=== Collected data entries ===
%%
(* Let $X$ be a $T_0$ topological space which is $k$-bounded sober. Then the following are equivalent: (i) the convergence class $\mathcal{I}$ of $\operatorname{Irr}$-convergence on $X$ is topological; (ii) $X$ is $\operatorname{Irr}$-continuous.
   Context: For a topological space $X$, a nonempty subset $E\subseteq X$ is irreducible if whenever $E\subseteq A_1\cup A_2$ with $A_1,A_2$ closed, then $E\subseteq A_1$ or $E\subseteq A_2$. The specialisation order is $x\le y$ iff $x\in\operatorname{cl}(\{y\})$; $\uparrow x=\{z: z\ge x\}$; suprema $\bigvee$ are least upper bounds with respect to this order. $\operatorname{Irr}^+(X)$ denotes the set of irreducible subsets of $X$ whose supremum exists. $X$ is $k$-bounded sober if every closed set $F\in\operatorname{Irr}^+(X)$ is the closure of a unique singleton. The $\operatorname{Irr}$-way-below relation: $x\ll_{\operatorname{Irr}} y$ iff for every $E\in\operatorname{Irr}^+(X)$ with $\bigvee E\ge y$ one has $E\cap\uparrow x\neq\emptyset$; write $\twoheaddownarrow_{\operatorname{Irr}} x=\{y: y\ll_{\operatorname{Irr}} x\}$. $X$ is $\operatorname{Irr}$-continuous if for every $x\in X$, $\twoheaddownarrow_{\operatorname{Irr}} x$ is irreducible in $X$ and $x=\bigvee\twoheaddownarrow_{\operatorname{Irr}} x$. A net $(x_i)_{i\in I}$ in $X$ is a map from a preorder $(I,\le)$ to $X$. A net $(x_i)_{i\in I}$ $\operatorname{Irr}$-converges to $y$ if there is $E\in\operatorname{Irr}^+(X)$ with $\bigvee E\ge y$ such that for each $e\in E$ there is $k(e)\in I$ with $x_i\ge e$ for all $i\ge k(e)$. $\mathcal{I}$ is the relation between nets in $X$ and points of $X$ consisting of all pairs $((x_i)_{i\in I},y)$ with $(x_i)$ $\operatorname{Irr}$-converging to $y$. A convergence class $\mathcal{S}$ on $X$ is topological if there is a topology $\sigma$ on $X$ such that $((x_i),x)\in\mathcal{S}$ iff for every $U\in\sigma$ with $x\in U$ there is $i_0$ with $x_i\in U$ for all $i\ge i_0$. *)

theory Defs
  imports "HOL-Analysis.Analysis"
begin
%%
=== Work required ===
A complete, exact copy of the records is what is needed.

=== Answer to the exercise ===
(* Let $X$ be a $T_0$ topological space which is $k$-bounded sober. Then the following are equivalent: (i) the convergence class $\mathcal{I}$ of $\operatorname{Irr}$-convergence on $X$ is topological; (ii) $X$ is $\operatorname{Irr}$-continuous.
   Context: For a topological space $X$, a nonempty subset $E\subseteq X$ is irreducible if whenever $E\subseteq A_1\cup A_2$ with $A_1,A_2$ closed, then $E\subseteq A_1$ or $E\subseteq A_2$. The specialisation order is $x\le y$ iff $x\in\operatorname{cl}(\{y\})$; $\uparrow x=\{z: z\ge x\}$; suprema $\bigvee$ are least upper bounds with respect to this order. $\operatorname{Irr}^+(X)$ denotes the set of irreducible subsets of $X$ whose supremum exists. $X$ is $k$-bounded sober if every closed set $F\in\operatorname{Irr}^+(X)$ is the closure of a unique singleton. The $\operatorname{Irr}$-way-below relation: $x\ll_{\operatorname{Irr}} y$ iff for every $E\in\operatorname{Irr}^+(X)$ with $\bigvee E\ge y$ one has $E\cap\uparrow x\neq\emptyset$; write $\twoheaddownarrow_{\operatorname{Irr}} x=\{y: y\ll_{\operatorname{Irr}} x\}$. $X$ is $\operatorname{Irr}$-continuous if for every $x\in X$, $\twoheaddownarrow_{\operatorname{Irr}} x$ is irreducible in $X$ and $x=\bigvee\twoheaddownarrow_{\operatorname{Irr}} x$. A net $(x_i)_{i\in I}$ in $X$ is a map from a preorder $(I,\le)$ to $X$. A net $(x_i)_{i\in I}$ $\operatorname{Irr}$-converges to $y$ if there is $E\in\operatorname{Irr}^+(X)$ with $\bigvee E\ge y$ such that for each $e\in E$ there is $k(e)\in I$ with $x_i\ge e$ for all $i\ge k(e)$. $\mathcal{I}$ is the relation between nets in $X$ and points of $X$ consisting of all pairs $((x_i)_{i\in I},y)$ with $(x_i)$ $\operatorname{Irr}$-converging to $y$. A convergence class $\mathcal{S}$ on $X$ is topological if there is a topology $\sigma$ on $X$ such that $((x_i),x)\in\mathcal{S}$ iff for every $U\in\sigma$ with $x\in U$ there is $i_0$ with $x_i\in U$ for all $i\ge i_0$. *)

theory Defs
  imports "HOL-Analysis.Analysis"
begin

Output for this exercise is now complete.